Source data:
(* Let $0.5208<\sigma_0<0.9723$, $10^3\le H<H_0$ with $H_0=3.061\cdot10^{10}$, and $T\ge H_0$. Then \[ \frac{2}{T-H}\int_H^T\sum_{1\le n<m<t}\frac{\cos(t\log(m/n))}{(nm)^{\sigma_0}}\,dt\le \epsilon_1(\sigma_0,H). \]
   Context: Here $H_0=3.061\cdot10^{10}$, $\zeta$ is the Riemann zeta function, and \[ \epsilon_1(\sigma_0,H)=\frac{4H_0}{H_0-H}\Big(\frac{(\log H_0)H_0^{1-2\sigma_0}}{2(1-\sigma_0)}-\frac{(2\sigma_0-1)\log H_0}{2(1-\sigma_0)H_0}+\frac{\max\big(0,\frac{1-3\sigma_0+3\sigma_0^2}{2(1-\sigma_0)^2}-\frac{\zeta(2\sigma_0)}{2}\big)}{H_0}+\frac{(2-\sigma_0)H_0^{1-2\sigma_0}}{2(1-\sigma_0)^2}-\frac{\sigma_0H_0^{-\sigma_0}}{(1-\sigma_0)^2}+\frac{H_0^{-2\sigma_0}}{2(2\sigma_0-1)}+\frac{H_0^{-2\sigma_0-1}}{2}\Big). \] The inner sum is over pairs of integers $(n,m)$ with $1\le n<m<t$. *)

theory Defs
  imports "HOL-Analysis.Analysis"
begin

definition H0 :: real where
  "H0 = 3.061 * 10 ^ 10"

definition zeta_real :: "real \<Rightarrow> real" where
  "zeta_real s = (\<Sum>n. 1 / (real (Suc n)) powr s)"

definition eps1 :: "real \<Rightarrow> real \<Rightarrow> real" where
  "eps1 \<sigma> H = 4 * H0 / (H0 - H) *
     ( (ln H0) * H0 powr (1 - 2*\<sigma>) / (2 * (1 - \<sigma>))
     - (2*\<sigma> - 1) * ln H0 / (2 * (1 - \<sigma>) * H0)
     + max 0 ((1 - 3*\<sigma> + 3*\<sigma>^2) / (2 * (1 - \<sigma>)^2) - zeta_real (2*\<sigma>) / 2) / H0
     + (2 - \<sigma>) * H0 powr (1 - 2*\<sigma>) / (2 * (1 - \<sigma>)^2)
     - \<sigma> * H0 powr (-\<sigma>) / (1 - \<sigma>)^2
     + H0 powr (-2*\<sigma>) / (2 * (2*\<sigma> - 1))
     + H0 powr (-2*\<sigma> - 1) / 2 )"

definition Ssum :: "real \<Rightarrow> real \<Rightarrow> real" where
  "Ssum \<sigma> t = (\<Sum>(n,m)\<in>{(n::nat, m::nat). 1 \<le> n \<and> n < m \<and> real m < t}.
      cos (t * ln (real m / real n)) / (real n * real m) powr \<sigma>)"

end

theory Submission
  imports Defs
begin

text \<open>
Integrated over t, the pair n < m contributes only for t > m, and the integral of cos (t log (m/n))
over an interval is at most 2 / log (m/n). As log (m/n) \<ge> (m - n)/m, the resulting weight
2 / (log (m/n) (n m)^\<sigma>) is at most 2 (n^(1-2\<sigma>) / (m - n) + (n m)^(-\<sigma>)). Harmonic-number and
power-sum estimates bound the sum of the first parts; the sum of the second parts is half the square
of the sum of n^(-\<sigma>) minus its diagonal, and the diagonal is at least \<zeta>(2\<sigma>) minus an integral
bound for the tail. Altogether the integral is at most 2 T G(T), where G = eps1_profile \<sigma> and
eps1 \<sigma> H = 4 H0 / (H0 - H) G(H0). Since T / (T - H) \<le> H0 / (H0 - H), it remains that G decreases
once log T \<ge> 24.14 (and log H0 \<ge> 24.14). In the variable u = log T this reduces to the signs of
two derivatives, which are checked for 0.5208 < \<sigma> < 0.9723.
\<close>

section \<open>Sums of powers\<close>

lemma powr_succ_le_diff_quotient:
  fixes x r :: real
  assumes x: "0 < x" and r: "r < 1" "r \<noteq> 0"
  shows "(x + 1) powr (r - 1) \<le> ((x + 1) powr r - x powr r) / r"
proof -
  have "\<exists>z. x < z \<and> z < x + 1 \<and> (x + 1) powr r - x powr r = (x + 1 - x) * (r * z powr (r - 1))"
    by (rule MVT2) (use x in \<open>auto intro!: has_real_derivative_powr\<close>)
  then obtain z where z: "x < z" "z < x + 1" "(x + 1) powr r - x powr r = r * z powr (r - 1)"
    by auto
  have "(x + 1) powr (r - 1) \<le> z powr (r - 1)"
    using r x z by (intro powr_mono2') auto
  also have "\<dots> = ((x + 1) powr r - x powr r) / r"
    using z r by simp
  finally show ?thesis .
qed

lemma sum_powr_neg_le:
  fixes q :: real
  assumes q: "0 < q" "q \<noteq> 1" and MN: "1 \<le> M" "M \<le> N"
  shows "(\<Sum>n=M..N. real n powr (-q))
    \<le> real M powr (-q) + (real N powr (1 - q) - real M powr (1 - q)) / (1 - q)"
  using MN(2)
proof (induction N rule: dec_induct)
  case base
  then show ?case by simp
next
  case (step N)
  have "(real N + 1) powr ((1 - q) - 1) \<le> ((real N + 1) powr (1 - q) - real N powr (1 - q)) / (1 - q)"
    using step.hyps MN q by (intro powr_succ_le_diff_quotient) auto
  then have "real (Suc N) powr (-q) \<le> (real (Suc N) powr (1 - q) - real N powr (1 - q)) / (1 - q)"
    by (simp add: add.commute)
  with step.IH step.hyps show ?case
    by (simp add: diff_divide_distrib)
qed

lemma harm_le_one_plus_ln:
  assumes "1 \<le> n"
  shows "(harm n :: real) \<le> 1 + ln (real n)"
proof -
  have "harm (Suc (n - 1)) - ln (real (Suc (n - 1))) \<le> harm (Suc 0) - ln (real (Suc 0))"
    by (rule antimonoD[OF decseq_harm_diff_ln]) simp
  then show ?thesis
    using assms by (simp add: harm_def)
qed

lemma zeta_real_le:
  fixes p :: real
  assumes p: "1 < p" and M: "1 \<le> M"
  shows "zeta_real p \<le> (\<Sum>n=1..<M. real n powr (-p)) + real M powr (-p) + real M powr (1 - p) / (p - 1)"
    (is "_ \<le> ?B")
proof -
  define f where "f n = real (Suc n) powr (-p)" for n
  have "summable (\<lambda>n. real n powr (-p))"
    using p by (subst summable_real_powr_iff) simp
  then have "summable f"
    unfolding f_def using summable_Suc_iff[of "\<lambda>n. real n powr (-p)"] by blast
  moreover have "(\<Sum>i<K. f i) \<le> ?B" for K
  proof -
    have partial: "(\<Sum>i<K. f i) = (\<Sum>n=1..K. real n powr (-p))"
      unfolding f_def by (rule sum.reindex_bij_witness[of _ "\<lambda>n. n - 1" Suc]) auto
    have tail: "(\<Sum>n=M..K. real n powr (-p)) \<le> real M powr (-p) + real M powr (1 - p) / (p - 1)"
    proof (cases "M \<le> K")
      case True
      have "(\<Sum>n=M..K. real n powr (-p))
          \<le> real M powr (-p) + (real K powr (1 - p) - real M powr (1 - p)) / (1 - p)"
        using p M True by (intro sum_powr_neg_le) auto
      also have "\<dots> = real M powr (-p) + (real M powr (1 - p) - real K powr (1 - p)) / (p - 1)"
        using p by (simp add: field_simps)
      also have "\<dots> \<le> real M powr (-p) + real M powr (1 - p) / (p - 1)"
        using p by (simp add: divide_right_mono diff_divide_distrib)
      finally show ?thesis .
    qed (use p in simp)
    have "{1..K} \<subseteq> {1..<M} \<union> {M..K}" by auto
    then have "(\<Sum>n=1..K. real n powr (-p)) \<le> (\<Sum>n\<in>{1..<M} \<union> {M..K}. real n powr (-p))"
      by (intro sum_mono2) auto
    also have "\<dots> = (\<Sum>n=1..<M. real n powr (-p)) + (\<Sum>n=M..K. real n powr (-p))"
      by (intro sum.union_disjoint) auto
    finally show ?thesis
      using partial tail by linarith
  qed
  ultimately have "suminf f \<le> ?B"
    by (intro suminf_le_const)
  moreover have "zeta_real p = suminf f"
    unfolding zeta_real_def f_def by (simp add: powr_minus_divide)
  ultimately show ?thesis by simp
qed

lemma sum_upper_pairs_eq:
  fixes a :: "nat \<Rightarrow> 'a::comm_ring_1"
  shows "2 * (\<Sum>n=k..<M. a n * (\<Sum>m\<in>{n<..<M}. a m))
    = (\<Sum>n=k..<M. a n)\<^sup>2 - (\<Sum>n=k..<M. (a n)\<^sup>2)"
proof (induction M)
  case 0
  then show ?case by simp
next
  case (Suc M)
  show ?case
  proof (cases "k \<le> M")
    case True
    have "{n<..<Suc M} = insert M {n<..<M}" if "n < M" for n
      using that by auto
    moreover have "{M<..<Suc M} = {}"
      by auto
    ultimately have "(\<Sum>n=k..<Suc M. a n * (\<Sum>m\<in>{n<..<Suc M}. a m))
        = (\<Sum>n=k..<M. a n * ((\<Sum>m\<in>{n<..<M}. a m) + a M))"
      using True by (auto simp: add.commute intro!: sum.cong)
    also have "\<dots> = (\<Sum>n=k..<M. a n * (\<Sum>m\<in>{n<..<M}. a m)) + (\<Sum>n=k..<M. a n) * a M"
      by (simp add: distrib_left sum.distrib sum_distrib_right)
    finally show ?thesis
      using True Suc.IH by (simp add: power2_eq_square algebra_simps)
  qed simp
qed

lemma sum_powr_initial_le:
  fixes q T :: real
  assumes q: "0 < q" "q < 1" and M: "2 \<le> M" "real (M - 1) \<le> T"
  shows "(\<Sum>n=1..<M. real n powr (-q)) \<le> (T powr (1 - q) - q) / (1 - q)"
proof -
  have "{1..<M} = {1..M - 1}"
    using M by auto
  then have "(\<Sum>n=1..<M. real n powr (-q)) \<le> 1 + (real (M - 1) powr (1 - q) - 1) / (1 - q)"
    using sum_powr_neg_le[of q 1 "M - 1"] q M by simp
  also have "\<dots> \<le> 1 + (T powr (1 - q) - 1) / (1 - q)"
    using q M by (simp add: divide_right_mono powr_mono2)
  also have "\<dots> = (T powr (1 - q) - q) / (1 - q)"
    using q by (simp add: field_simps)
  finally show ?thesis .
qed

§ Prompt: If a line falls between the first line of the records and the line containing "Integrated over t, the", inclusive, repeat it exactly; leave out all others.

§ Written response:
(* Let $0.5208<\sigma_0<0.9723$, $10^3\le H<H_0$ with $H_0=3.061\cdot10^{10}$, and $T\ge H_0$. Then \[ \frac{2}{T-H}\int_H^T\sum_{1\le n<m<t}\frac{\cos(t\log(m/n))}{(nm)^{\sigma_0}}\,dt\le \epsilon_1(\sigma_0,H). \]
   Context: Here $H_0=3.061\cdot10^{10}$, $\zeta$ is the Riemann zeta function, and \[ \epsilon_1(\sigma_0,H)=\frac{4H_0}{H_0-H}\Big(\frac{(\log H_0)H_0^{1-2\sigma_0}}{2(1-\sigma_0)}-\frac{(2\sigma_0-1)\log H_0}{2(1-\sigma_0)H_0}+\frac{\max\big(0,\frac{1-3\sigma_0+3\sigma_0^2}{2(1-\sigma_0)^2}-\frac{\zeta(2\sigma_0)}{2}\big)}{H_0}+\frac{(2-\sigma_0)H_0^{1-2\sigma_0}}{2(1-\sigma_0)^2}-\frac{\sigma_0H_0^{-\sigma_0}}{(1-\sigma_0)^2}+\frac{H_0^{-2\sigma_0}}{2(2\sigma_0-1)}+\frac{H_0^{-2\sigma_0-1}}{2}\Big). \] The inner sum is over pairs of integers $(n,m)$ with $1\le n<m<t$. *)

theory Defs
  imports "HOL-Analysis.Analysis"
begin

definition H0 :: real where
  "H0 = 3.061 * 10 ^ 10"

definition zeta_real :: "real \<Rightarrow> real" where
  "zeta_real s = (\<Sum>n. 1 / (real (Suc n)) powr s)"

definition eps1 :: "real \<Rightarrow> real \<Rightarrow> real" where
  "eps1 \<sigma> H = 4 * H0 / (H0 - H) *
     ( (ln H0) * H0 powr (1 - 2*\<sigma>) / (2 * (1 - \<sigma>))
     - (2*\<sigma> - 1) * ln H0 / (2 * (1 - \<sigma>) * H0)
     + max 0 ((1 - 3*\<sigma> + 3*\<sigma>^2) / (2 * (1 - \<sigma>)^2) - zeta_real (2*\<sigma>) / 2) / H0
     + (2 - \<sigma>) * H0 powr (1 - 2*\<sigma>) / (2 * (1 - \<sigma>)^2)
     - \<sigma> * H0 powr (-\<sigma>) / (1 - \<sigma>)^2
     + H0 powr (-2*\<sigma>) / (2 * (2*\<sigma> - 1))
     + H0 powr (-2*\<sigma> - 1) / 2 )"

definition Ssum :: "real \<Rightarrow> real \<Rightarrow> real" where
  "Ssum \<sigma> t = (\<Sum>(n,m)\<in>{(n::nat, m::nat). 1 \<le> n \<and> n < m \<and> real m < t}.
      cos (t * ln (real m / real n)) / (real n * real m) powr \<sigma>)"

end

theory Submission
  imports Defs
begin

text \<open>
Integrated over t, the pair n < m contributes only for t > m, and the integral of cos (t log (m/n))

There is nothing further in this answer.